**WHAT THE TASK REQUIRES:**
Output only the span of lines that begins at the line containing "with bound show" and ends at the last line of the data, both included, exactly as they appear.

**EXERCISE INPUTS:**

lemma explore_cost_lower_bound:
  assumes n3: "n \<ge> 3" and wpos: "\<forall>i<n. w i > 0" and q0: "q \<ge> 0"
    and ex: "exec n w q ms ([], {}, 0) = Some (ps, {..<n}, c)"
  shows "\<exists>e<n. q + (\<Sum>k<n. w k) - w e \<le> c"
proof -
  define T where "T = set (traversed n ms [])"
  have T_lt: "T \<subseteq> {..<n}" using traversed_lt unfolding T_def by blast
  have "invocations ms \<ge> 1"
  proof (cases ms)
    case Nil
    with ex have "{..<n} = ({} :: nat set)" by simp
    with n3 show ?thesis by (simp add: lessThan_empty_iff)
  next
    case (Cons m ms')
    with ex show ?thesis by (cases m) (auto simp: invocations_def)
  qed
  then have "q \<le> q * real (invocations ms)" using q0 by (simp add: mult_le_cancel_left1)
  moreover have "sum w T \<le> sum_list (map w (traversed n ms []))"
    unfolding T_def using wpos traversed_lt by (intro sum_set_le_sum_list) (auto intro: less_imp_le)
  ultimately have cost: "q + sum w T \<le> c"
    using exec_cost[OF ex] by simp
  have one_missed: "j \<in> T" if "i < j" "j < n" "i \<notin> T" for i j
  proof (rule ccontr)
    assume "j \<notin> T"
    then have "\<forall>x\<in>{..<n}. x \<notin> {Suc i..j}"
      using exec_avoids_arc[OF ex] that unfolding T_def by auto
    with that show False by auto
  qed
  show ?thesis
  proof (cases "T = {..<n}")
    case True
    moreover have "w 0 > 0" using wpos n3 by simp
    ultimately show ?thesis using cost n3 by (intro exI[of _ 0]) auto
  next
    case False
    then obtain e where e: "e < n" "e \<notin> T" using T_lt by auto
    have "{..<n} - {e} \<subseteq> T"
      using one_missed[of _ e] one_missed[of e] e
      by (metis DiffE insertI1 lessThan_iff linorder_neqE_nat subsetI)
    then have "sum w ({..<n} - {e}) \<le> sum w T"
      using T_lt wpos by (intro sum_mono2) (auto intro: finite_subset less_imp_le)
    with e cost show ?thesis by (intro exI[of _ e]) (simp add: sum_diff1)
  qed
qed

lemma le_twice_ring_opt:
  assumes "n \<ge> 3" "\<forall>i<n. w i > 0" "q \<ge> 0"
    and c: "c \<in> explore_costs n w q" and bound: "\<forall>e<n. c \<le> 2 * (q + (\<Sum>k<n. w k) - w e)"
  shows "c \<le> 2 * ring_opt n w q"
proof -
  have "c / 2 \<le> Inf (explore_costs n w q)"
  proof (rule cInf_greatest)
    fix x assume "x \<in> explore_costs n w q"
    then obtain ms ps where "exec n w q ms ([], {}, 0) = Some (ps, {..<n}, x)"
      unfolding explore_costs_def by blast
    then obtain e where "e < n" "q + (\<Sum>k<n. w k) - w e \<le> x"
      using explore_cost_lower_bound[OF assms(1-3)] by blast
    with bound show "c / 2 \<le> x" by force
  qed (use c in blast)
  then show ?thesis unfolding ring_opt_def by simp
qed

section \<open>Offsets along the ring\<close>

lemma rpos_int: "n > 0 \<Longrightarrow> int (rpos n d k) = (d * int k) mod int n"
  by (simp add: rpos_def)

**WRITTEN RESPONSE:**
    with bound show "c / 2 \<le> x" by force
  qed (use c in blast)
  then show ?thesis unfolding ring_opt_def by simp
qed

section \<open>Offsets along the ring\<close>

lemma rpos_int: "n > 0 \<Longrightarrow> int (rpos n d k) = (d * int k) mod int n"
  by (simp add: rpos_def)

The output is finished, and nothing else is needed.